(* Let $1\le k\le n$ be integers, let $M\in\mathbb{R}^{2n\times 2n}$ be symmetric positive definite, let $N=\operatorname{diag}(\nu_1,\ldots,\nu_k)$ with $0<\nu_1<\cdots<\nu_k$, and let $\tilde N=\operatorname{diag}(N,N)$. Consider the problem of minimizing $f(X)=\operatorname{tr}(\tilde N X^TMX)$ over $X\in\mathbb{R}^{2n\times 2k}$ subject to $X^TJ_{2n}X=J_{2k}$. If $X_*$ is a critical point of this problem, then for every $K\in\mathbb{R}^{2k\times 2k}$ with $K^TJ_{2k}K=J_{2k}$ and $K^T\tilde N K=\tilde N$, the matrix $X_*K$ is also a critical point of this problem.
   Context: $J_{2m}=\begin{bmatrix}0 & I_m\\ -I_m & 0\end{bmatrix}$. A point $X_*\in\mathbb{R}^{2n\times 2k}$ is a critical point of the problem if $X_*^TJ_{2n}X_*=J_{2k}$ and there exists a skew-symmetric matrix $L_*\in\mathbb{R}^{2k\times 2k}$ (Lagrange multiplier) such that $MX_*\tilde N=J_{2n}X_*L_*$. *)

theory Defs
  imports "Jordan_Normal_Form.Matrix"
begin

definition Jsym :: "nat \<Rightarrow> real mat" where
  "Jsym m = four_block_mat (0\<^sub>m m m) (1\<^sub>m m) (- 1\<^sub>m m) (0\<^sub>m m m)"

definition sym_pos_def_mat :: "nat \<Rightarrow> real mat \<Rightarrow> bool" where
  "sym_pos_def_mat d M \<longleftrightarrow> M \<in> carrier_mat d d \<and> M\<^sup>T = M \<and>
     (\<forall>x \<in> carrier_vec d. x \<noteq> 0\<^sub>v d \<longrightarrow> x \<bullet> (M *\<^sub>v x) > 0)"

definition diag_of :: "nat \<Rightarrow> (nat \<Rightarrow> real) \<Rightarrow> real mat" where
  "diag_of k \<nu> = mat k k (\<lambda>(i, j). if i = j then \<nu> i else 0)"

text \<open>Critical point of  min tr(Nt X^T M X)  s.t.  X^T J_{2n} X = J_{2k}.\<close>
definition critical_point :: "nat \<Rightarrow> nat \<Rightarrow> real mat \<Rightarrow> real mat \<Rightarrow> real mat \<Rightarrow> bool" where
  "critical_point n k M Nt X \<longleftrightarrow>
     X \<in> carrier_mat (2*n) (2*k) \<and> X\<^sup>T * Jsym n * X = Jsym k \<and>
     (\<exists>L \<in> carrier_mat (2*k) (2*k). L\<^sup>T = - L \<and> M * X * Nt = Jsym n * X * L)"

end

theory Submission
  imports Defs "Jordan_Normal_Form.Determinant"
begin

(* Write J = Jsym k and N = diag(D, D) with D = diag(\<nu>). A symplectic K is invertible with
   inverse -J K\<^sup>T J, so K\<^sup>T N K = N says that K commutes with J N. As J commutes with N,
   K commutes with (J N)\<^sup>2 = -N\<^sup>2, hence with N, because the \<nu>_i are positive; cancelling the
   invertible N then gives K J = J K, and K\<^sup>T J K = J becomes K\<^sup>T K = 1. An orthogonal
   symplectic K commuting with N maps a critical point X with multiplier L to the critical
   point X K with the skew-symmetric multiplier K\<^sup>T L K. *)

lemma diag_of_carrier [simp]: "diag_of m d \<in> carrier_mat m m"
  and dim_row_diag_of [simp]: "dim_row (diag_of m d) = m"
  and dim_col_diag_of [simp]: "dim_col (diag_of m d) = m"
  by (simp_all add: diag_of_def)

lemma index_mult_diag_of_right:
  assumes "A \<in> carrier_mat r m" "i < r" "j < m"
  shows "(A * diag_of m d) $$ (i, j) = A $$ (i, j) * d j"
proof -
  have "(A * diag_of m d) $$ (i, j) = (\<Sum>l\<in>{0..<m}. A $$ (i, l) * (if l = j then d l else 0))"
    using assms by (simp add: diag_of_def scalar_prod_def)
  also have "\<dots> = A $$ (i, j) * d j"
    using assms(3) by (simp add: if_distrib[where f = "\<lambda>x. _ * x"] sum.delta' cong: if_cong)
  finally show ?thesis .
qed

lemma index_mult_diag_of_left:
  assumes "A \<in> carrier_mat m c" "i < m" "j < c"
  shows "(diag_of m d * A) $$ (i, j) = d i * A $$ (i, j)"
proof -
  have "(diag_of m d * A) $$ (i, j) = (\<Sum>l\<in>{0..<m}. (if i = l then d i else 0) * A $$ (l, j))"
    using assms by (simp add: diag_of_def scalar_prod_def)
  also have "\<dots> = d i * A $$ (i, j)"
    using assms(2) by (simp add: if_distrib[where f = "\<lambda>x. x * _"] sum.delta cong: if_cong)
  finally show ?thesis .
qed

lemma diag_of_mult_diag_of: "diag_of m a * diag_of m b = diag_of m (\<lambda>i. a i * b i)"
proof (rule eq_matI)
  fix i j assume "i < dim_row (diag_of m (\<lambda>i. a i * b i))" "j < dim_col (diag_of m (\<lambda>i. a i * b i))"
  then show "(diag_of m a * diag_of m b) $$ (i, j) = diag_of m (\<lambda>i. a i * b i) $$ (i, j)"
    by (simp add: index_mult_diag_of_left[OF diag_of_carrier] del: index_mult_mat) (simp add: diag_of_def)
qed simp_all

lemma diag_of_mult_diag_of_inverse:
  assumes "\<forall>i<m. a i \<noteq> 0"
  shows "diag_of m a * diag_of m (\<lambda>i. 1 / a i) = 1\<^sub>m m"
  unfolding diag_of_mult_diag_of using assms by (intro eq_matI) (auto simp: diag_of_def)

lemma four_block_diag_of:
  "four_block_mat (diag_of k d) (0\<^sub>m k k) (0\<^sub>m k k) (diag_of k d) = diag_of (2 * k) (\<lambda>i. d (i mod k))"
  by (rule eq_matI) (auto simp: index_mat_four_block diag_of_def le_mod_geq)

lemma commute_diag_of_if_commute_square:
  fixes A :: "real mat"
  assumes A: "A \<in> carrier_mat m m" and nonneg: "\<forall>i<m. 0 \<le> d i"
    and comm: "A * diag_of m (\<lambda>i. d i ^ 2) = diag_of m (\<lambda>i. d i ^ 2) * A"
  shows "A * diag_of m d = diag_of m d * A"
proof (rule eq_matI)
  fix i j assume "i < dim_row (diag_of m d * A)" "j < dim_col (diag_of m d * A)"
  then have ij: "i < m" "j < m" using A by simp_all
  have "A $$ (i, j) * d j ^ 2 = d i ^ 2 * A $$ (i, j)"
    using arg_cong[OF comm, of "\<lambda>B. B $$ (i, j)"] A ij
    by (simp add: index_mult_diag_of_left index_mult_diag_of_right del: index_mult_mat)
  then have "A $$ (i, j) = 0 \<or> d j = d i"
    using nonneg ij by (auto simp: power2_eq_iff_nonneg)
  then show "(A * diag_of m d) $$ (i, j) = (diag_of m d * A) $$ (i, j)"
    using A ij by (auto simp: index_mult_diag_of_left index_mult_diag_of_right simp del: index_mult_mat)
qed (use A in auto)

lemma assoc_mult_mat_dim:
  "dim_col A = dim_row B \<Longrightarrow> dim_col B = dim_row C \<Longrightarrow> A * B * C = A * (B * (C :: 'a :: semiring_0 mat))"
  by (rule assoc_mult_mat[of A "dim_row A" "dim_col A" B "dim_col B" C "dim_col C"]) auto

lemma mult_commute_square_mat:
  fixes A B :: "'a::semiring_0 mat"
  assumes A: "A \<in> carrier_mat n n" and B: "B \<in> carrier_mat n n" and AB: "A * B = B * A"
  shows "A * (B * B) = B * B * A"
proof -
  have "A * (B * B) = B * A * B"
    using assoc_mult_mat[OF A B B] AB by simp
  also have "\<dots> = B * B * A"
    using assoc_mult_mat[OF B A B] assoc_mult_mat[OF B B A] AB by simp
  finally show ?thesis .
qed

lemma Jsym_carrier [simp]: "Jsym m \<in> carrier_mat (2 * m) (2 * m)"
  unfolding Jsym_def mult_2 by (rule four_block_carrier_mat) auto

lemma dim_row_Jsym [simp]: "dim_row (Jsym m) = 2 * m"
  and dim_col_Jsym [simp]: "dim_col (Jsym m) = 2 * m"
  using Jsym_carrier by blast+

lemma Jsym_mult_Jsym: "Jsym m * Jsym m = - 1\<^sub>m (2 * m)"
proof -
  have "Jsym m * Jsym m = four_block_mat (- 1\<^sub>m m) (0\<^sub>m m m) (0\<^sub>m m m) (- 1\<^sub>m m)"
    unfolding Jsym_def by (subst mult_four_block_mat[of _ m m _ m _ m _ _ m _ m]) auto
  also have "\<dots> = - 1\<^sub>m (2 * m)"
    by (rule eq_matI) (auto simp: index_mat_four_block)
  finally show ?thesis .
qed

lemma Jsym_commute_four_block_diag:
  assumes "D \<in> carrier_mat k k"
  shows "Jsym k * four_block_mat D (0\<^sub>m k k) (0\<^sub>m k k) D = four_block_mat D (0\<^sub>m k k) (0\<^sub>m k k) D * Jsym k"
  unfolding Jsym_def using assms
  by (simp add: mult_four_block_mat[of _ k k _ k _ k _ _ k _ k]) (rule eq_matI; simp)

lemma symplectic_inverse:
  assumes K: "K \<in> carrier_mat (2 * k) (2 * k)" and KJ: "K\<^sup>T * Jsym k * K = Jsym k"
  shows "- (Jsym k * K\<^sup>T * Jsym k) * K = 1\<^sub>m (2 * k)"
    and "K * - (Jsym k * K\<^sup>T * Jsym k) = 1\<^sub>m (2 * k)"
proof -
  let ?J = "Jsym k"
  have "- (?J * K\<^sup>T * ?J) * K = - (?J * (K\<^sup>T * ?J * K))"
    using K by (simp add: assoc_mult_mat_dim)
  also have "\<dots> = 1\<^sub>m (2 * k)"
    using KJ by (simp add: Jsym_mult_Jsym)
  finally show left: "- (?J * K\<^sup>T * ?J) * K = 1\<^sub>m (2 * k)" .
  show "K * - (?J * K\<^sup>T * ?J) = 1\<^sub>m (2 * k)"
    by (rule mat_mult_left_right_inverse[OF _ K left]) (use K in auto)
qed

lemma symplectic_congruence_commute_Jsym_mult:
  assumes K: "K \<in> carrier_mat (2 * k) (2 * k)" and KJ: "K\<^sup>T * Jsym k * K = Jsym k"
    and N: "N \<in> carrier_mat (2 * k) (2 * k)" and KN: "K\<^sup>T * N * K = N"
  shows "K * (Jsym k * N) = Jsym k * N * K"
proof -
  let ?J = "Jsym k" and ?G = "- (Jsym k * K\<^sup>T * Jsym k)"
  have "?G * (?J * N * K) = - (?J * K\<^sup>T * (?J * ?J) * N * K)"
    using K N by (simp add: assoc_mult_mat_dim)
  also have "\<dots> = ?J * N"
    using K N KN by (simp add: Jsym_mult_Jsym assoc_mult_mat_dim)
  finally have G_JNK: "?G * (?J * N * K) = ?J * N" .
  have "K * (?J * N) = K * (?G * (?J * N * K))"
    by (simp only: G_JNK)
  also have "\<dots> = K * ?G * (?J * N * K)"
    using K N by (simp add: assoc_mult_mat_dim)
  also have "\<dots> = ?J * N * K"
    using K N by (simp add: symplectic_inverse[OF K KJ])
  finally show ?thesis .
qed

lemma orthogonal_if_symplectic_commute_Jsym:
  assumes K: "K \<in> carrier_mat (2 * k) (2 * k)" and KJ: "K\<^sup>T * Jsym k * K = Jsym k"
    and comm: "K * Jsym k = Jsym k * K"
  shows "K * K\<^sup>T = 1\<^sub>m (2 * k)"
proof -
  let ?J = "Jsym k"
  have "K\<^sup>T * K = - (K\<^sup>T * (K * ?J) * ?J)"
    using K by (simp add: Jsym_mult_Jsym assoc_mult_mat_dim)
  also have "\<dots> = - (?J * ?J)"
    using K KJ by (simp add: comm assoc_mult_mat_dim)
  also have "\<dots> = 1\<^sub>m (2 * k)"
    by (simp add: Jsym_mult_Jsym)
  finally have "K\<^sup>T * K = 1\<^sub>m (2 * k)" .
  then show ?thesis
    using mat_mult_left_right_inverse[OF _ K] K by simp
qed

lemma symplectic_preserving_block_diag_commute_orthogonal:
  fixes k :: nat and \<nu> :: "nat \<Rightarrow> real" and K :: "real mat"
  defines "Nt \<equiv> four_block_mat (diag_of k \<nu>) (0\<^sub>m k k) (0\<^sub>m k k) (diag_of k \<nu>)"
  assumes pos: "\<forall>i<k. 0 < \<nu> i" and K: "K \<in> carrier_mat (2 * k) (2 * k)"
    and KJ: "K\<^sup>T * Jsym k * K = Jsym k" and KN: "K\<^sup>T * Nt * K = Nt"
  shows "K * Nt = Nt * K" and "K * K\<^sup>T = 1\<^sub>m (2 * k)"
proof -
  let ?J = "Jsym k"
  define \<mu> where "\<mu> i = \<nu> (i mod k)" for i
  have Nt_diag: "Nt = diag_of (2 * k) \<mu>"
    unfolding Nt_def \<mu>_def by (rule four_block_diag_of)
  have Nt: "Nt \<in> carrier_mat (2 * k) (2 * k)"
    by (simp add: Nt_diag)
  have \<mu>_pos: "\<forall>i<2 * k. 0 < \<mu> i"
    using pos by (auto simp: \<mu>_def)
  have J_Nt: "?J * Nt = Nt * ?J"
    unfolding Nt_def by (rule Jsym_commute_four_block_diag) simp
  have K_JNt: "K * (?J * Nt) = ?J * Nt * K"
    by (rule symplectic_congruence_commute_Jsym_mult[OF K KJ Nt KN])
  have "?J * Nt * (?J * Nt) = ?J * (Nt * ?J) * Nt"
    using Nt by (simp add: assoc_mult_mat_dim)
  also have "\<dots> = ?J * ?J * (Nt * Nt)"
    using Nt by (simp add: assoc_mult_mat_dim flip: J_Nt)
  finally have JNt_square: "?J * Nt * (?J * Nt) = - (Nt * Nt)"
    using Nt by (simp add: Jsym_mult_Jsym)
  have "K * (Nt * Nt) = Nt * Nt * K"
    using mult_commute_square_mat[OF K mult_carrier_mat[OF Jsym_carrier Nt] K_JNt] K Nt
    by (simp add: JNt_square)
  then have "K * diag_of (2 * k) (\<lambda>i. \<mu> i ^ 2) = diag_of (2 * k) (\<lambda>i. \<mu> i ^ 2) * K"
    by (simp add: Nt_diag diag_of_mult_diag_of power2_eq_square)
  moreover have "\<forall>i<2 * k. 0 \<le> \<mu> i"
    using \<mu>_pos by (simp add: less_imp_le)
  ultimately show K_Nt: "K * Nt = Nt * K"
    unfolding Nt_diag by (rule commute_diag_of_if_commute_square[OF K, rotated])
  define Ni where "Ni = diag_of (2 * k) (\<lambda>i. 1 / \<mu> i)"
  have Nt_Ni: "Nt * Ni = 1\<^sub>m (2 * k)"
    unfolding Nt_diag Ni_def using \<mu>_pos by (intro diag_of_mult_diag_of_inverse) auto
  have "K * ?J * Nt = ?J * K * Nt"
    using K Nt K_JNt by (simp add: assoc_mult_mat_dim K_Nt)
  then have "K * ?J * Nt * Ni = ?J * K * Nt * Ni"
    by simp
  then have "K * ?J * (Nt * Ni) = ?J * K * (Nt * Ni)"
    using K Nt by (simp add: assoc_mult_mat_dim Ni_def)
  then have "K * ?J = ?J * K"
    using K by (simp add: Nt_Ni)
  then show "K * K\<^sup>T = 1\<^sub>m (2 * k)"
    by (rule orthogonal_if_symplectic_commute_Jsym[OF K KJ])
qed

lemma critical_point_mult_orthogonal:
  assumes crit: "critical_point n k M Nt X" and M: "M \<in> carrier_mat (2 * n) (2 * n)"
    and Nt: "Nt \<in> carrier_mat (2 * k) (2 * k)" and K: "K \<in> carrier_mat (2 * k) (2 * k)"
    and KJ: "K\<^sup>T * Jsym k * K = Jsym k" and K_Nt: "K * Nt = Nt * K"
    and orth: "K * K\<^sup>T = 1\<^sub>m (2 * k)"
  shows "critical_point n k M Nt (X * K)"
proof -
  obtain L where X: "X \<in> carrier_mat (2 * n) (2 * k)" and XJX: "X\<^sup>T * Jsym n * X = Jsym k"
    and L: "L \<in> carrier_mat (2 * k) (2 * k)" and skew: "L\<^sup>T = - L"
    and stationary: "M * X * Nt = Jsym n * X * L"
    using crit unfolding critical_point_def by blast
  have XK_T: "(X * K)\<^sup>T = K\<^sup>T * X\<^sup>T"
    by (rule transpose_mult[OF X K])
  have "(X * K)\<^sup>T * Jsym n * (X * K) = K\<^sup>T * (X\<^sup>T * Jsym n * X) * K"
    unfolding XK_T using X K by (simp add: assoc_mult_mat_dim)
  then have symplectic: "(X * K)\<^sup>T * Jsym n * (X * K) = Jsym k"
    by (simp add: XJX KJ)
  have KTL: "K\<^sup>T * L \<in> carrier_mat (2 * k) (2 * k)"
    using K L by (intro mult_carrier_mat[of _ _ "2 * k"]) auto
  have "(K\<^sup>T * L * K)\<^sup>T = K\<^sup>T * (K\<^sup>T * L)\<^sup>T"
    by (rule transpose_mult[OF KTL K])
  also have "(K\<^sup>T * L)\<^sup>T = L\<^sup>T * K"
    using transpose_mult[of "K\<^sup>T" "2 * k" "2 * k" L "2 * k"] K L by simp
  finally have "(K\<^sup>T * L * K)\<^sup>T = K\<^sup>T * L\<^sup>T * K"
    using K L by (simp add: assoc_mult_mat_dim)
  then have skew': "(K\<^sup>T * L * K)\<^sup>T = - (K\<^sup>T * L * K)"
    using K L by (simp add: skew)
  have "M * (X * K) * Nt = M * X * Nt * K"
    using M X K Nt by (simp add: assoc_mult_mat_dim K_Nt)
  also have "\<dots> = Jsym n * X * (K * K\<^sup>T) * L * K"
    using X K L by (simp add: stationary orth)
  also have "\<dots> = Jsym n * (X * K) * (K\<^sup>T * L * K)"
    using X K L by (simp add: assoc_mult_mat_dim)
  finally have "M * (X * K) * Nt = Jsym n * (X * K) * (K\<^sup>T * L * K)" .
  moreover have "K\<^sup>T * L * K \<in> carrier_mat (2 * k) (2 * k)"
    using KTL K by simp
  ultimately show ?thesis
    unfolding critical_point_def using symplectic skew' mult_carrier_mat[OF X K]
    by (intro conjI bexI[where x = "K\<^sup>T * L * K"])
qed

theorem proposition3p3:
  fixes n k :: nat and \<nu> :: "nat \<Rightarrow> real" and M X K :: "real mat"
  assumes "1 \<le> k" and "k \<le> n"
    and "sym_pos_def_mat (2*n) M"
    and "\<forall>i<k. 0 < \<nu> i"
    and "\<forall>i j. i < j \<and> j < k \<longrightarrow> \<nu> i < \<nu> j"
    and "critical_point n k M
           (four_block_mat (diag_of k \<nu>) (0\<^sub>m k k) (0\<^sub>m k k) (diag_of k \<nu>)) X"
    and "K \<in> carrier_mat (2*k) (2*k)"
    and "K\<^sup>T * Jsym k * K = Jsym k"
    and "K\<^sup>T * four_block_mat (diag_of k \<nu>) (0\<^sub>m k k) (0\<^sub>m k k) (diag_of k \<nu>) * K
           = four_block_mat (diag_of k \<nu>) (0\<^sub>m k k) (0\<^sub>m k k) (diag_of k \<nu>)"
  shows "critical_point n k M
           (four_block_mat (diag_of k \<nu>) (0\<^sub>m k k) (0\<^sub>m k k) (diag_of k \<nu>)) (X * K)"
proof (rule critical_point_mult_orthogonal[OF assms(6) _ _ assms(7,8)])
  show "M \<in> carrier_mat (2 * n) (2 * n)"
    using assms(3) unfolding sym_pos_def_mat_def by blast
  show "four_block_mat (diag_of k \<nu>) (0\<^sub>m k k) (0\<^sub>m k k) (diag_of k \<nu>) \<in> carrier_mat (2 * k) (2 * k)"
    by (simp add: four_block_diag_of)
  show "K * four_block_mat (diag_of k \<nu>) (0\<^sub>m k k) (0\<^sub>m k k) (diag_of k \<nu>)
      = four_block_mat (diag_of k \<nu>) (0\<^sub>m k k) (0\<^sub>m k k) (diag_of k \<nu>) * K"
    and "K * K\<^sup>T = 1\<^sub>m (2 * k)"
    using symplectic_preserving_block_diag_commute_orthogonal[OF assms(4,7,8,9)] by blast+
qed

end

----------

• What to do:
Reproduce, line for line, the material, starting at its first line, and end once the line holding "M\<^sup>T = M \<and>" has been output.

• Written reply:
(* Let $1\le k\le n$ be integers, let $M\in\mathbb{R}^{2n\times 2n}$ be symmetric positive definite, let $N=\operatorname{diag}(\nu_1,\ldots,\nu_k)$ with $0<\nu_1<\cdots<\nu_k$, and let $\tilde N=\operatorname{diag}(N,N)$. Consider the problem of minimizing $f(X)=\operatorname{tr}(\tilde N X^TMX)$ over $X\in\mathbb{R}^{2n\times 2k}$ subject to $X^TJ_{2n}X=J_{2k}$. If $X_*$ is a critical point of this problem, then for every $K\in\mathbb{R}^{2k\times 2k}$ with $K^TJ_{2k}K=J_{2k}$ and $K^T\tilde N K=\tilde N$, the matrix $X_*K$ is also a critical point of this problem.
   Context: $J_{2m}=\begin{bmatrix}0 & I_m\\ -I_m & 0\end{bmatrix}$. A point $X_*\in\mathbb{R}^{2n\times 2k}$ is a critical point of the problem if $X_*^TJ_{2n}X_*=J_{2k}$ and there exists a skew-symmetric matrix $L_*\in\mathbb{R}^{2k\times 2k}$ (Lagrange multiplier) such that $MX_*\tilde N=J_{2n}X_*L_*$. *)

theory Defs
  imports "Jordan_Normal_Form.Matrix"
begin

definition Jsym :: "nat \<Rightarrow> real mat" where
  "Jsym m = four_block_mat (0\<^sub>m m m) (1\<^sub>m m) (- 1\<^sub>m m) (0\<^sub>m m m)"

definition sym_pos_def_mat :: "nat \<Rightarrow> real mat \<Rightarrow> bool" where
  "sym_pos_def_mat d M \<longleftrightarrow> M \<in> carrier_mat d d \<and> M\<^sup>T = M \<and>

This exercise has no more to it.